Supplied material >>
lemma list_prod_map_filter:
  assumes "\<And>c. c \<in> set cs \<Longrightarrow> \<not> P c \<Longrightarrow> f c = \<one>"
    and "f ` set cs \<subseteq> carrier G"
  shows "list_prod G (map f (filter P cs)) = list_prod G (map f cs)"
  using assms by (induction cs) (auto simp: list_prod_closed)

lemma mult_inv_cancel_left: "x \<in> carrier G \<Longrightarrow> y \<in> carrier G \<Longrightarrow> x \<otimes> (inv x \<otimes> y) = y"
  by (simp add: m_assoc[symmetric])

lemma inv_mult_cancel_left: "x \<in> carrier G \<Longrightarrow> y \<in> carrier G \<Longrightarrow> inv x \<otimes> (x \<otimes> y) = y"
  by (simp add: m_assoc[symmetric])

lemma comm_mult_conj: "x \<in> carrier G \<Longrightarrow> c \<in> carrier G \<Longrightarrow> comm G x c \<otimes> c = x \<otimes> c \<otimes> inv x"
  by (simp add: comm_def m_assoc)

lemma comm_mult_left:
  assumes "x \<in> carrier G" "y \<in> carrier G" "h \<in> carrier G"
  shows "comm G (x \<otimes> y) h = x \<otimes> comm G y h \<otimes> inv x \<otimes> comm G x h"
  using assms
  by (simp add: comm_def m_assoc inv_mult_group mult_inv_cancel_left inv_mult_cancel_left)

lemma iter_comm_marked_closed:
  "A \<subseteq> carrier G \<Longrightarrow> marked_word A H xs \<Longrightarrow> iter_comm G xs \<in> carrier G"
  unfolding marked_word_def by (blast intro: iter_comm_closed)

lemma list_prod_iter_comm_closed:
  assumes "A \<subseteq> carrier G" "\<forall>xs \<in> set cs. marked_word A H xs"
  shows "list_prod G (map (iter_comm G) cs) \<in> carrier G"
  using assms(2) iter_comm_marked_closed[OF assms(1)] by (intro list_prod_closed) auto

lemma comm_products_subset:
  assumes "A \<subseteq> carrier G"
  shows "comm_products G A H \<subseteq> carrier G"
  using list_prod_iter_comm_closed[OF assms] by (auto simp: comm_products_def)

lemma one_in_comm_products: "\<one> \<in> comm_products G A H"
  unfolding comm_products_def by (intro CollectI exI[of _ "[]"]) simp

lemma iter_comm_in_comm_products:
  "A \<subseteq> carrier G \<Longrightarrow> marked_word A H xs \<Longrightarrow> iter_comm G xs \<in> comm_products G A H"
  unfolding comm_products_def
  by (intro CollectI exI[of _ "[xs]"]) (simp add: iter_comm_marked_closed)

What is expected >> Output, from the data above, the lines from the line with "xs \<in> carrier" to the line with "A H \<subseteq>" exactly as they stand, both ends included and nothing else.

Answer for this exercise >>
  "A \<subseteq> carrier G \<Longrightarrow> marked_word A H xs \<Longrightarrow> iter_comm G xs \<in> carrier G"
  unfolding marked_word_def by (blast intro: iter_comm_closed)

lemma list_prod_iter_comm_closed:
  assumes "A \<subseteq> carrier G" "\<forall>xs \<in> set cs. marked_word A H xs"
  shows "list_prod G (map (iter_comm G) cs) \<in> carrier G"
  using assms(2) iter_comm_marked_closed[OF assms(1)] by (intro list_prod_closed) auto

lemma comm_products_subset:
  assumes "A \<subseteq> carrier G"
  shows "comm_products G A H \<subseteq> carrier G"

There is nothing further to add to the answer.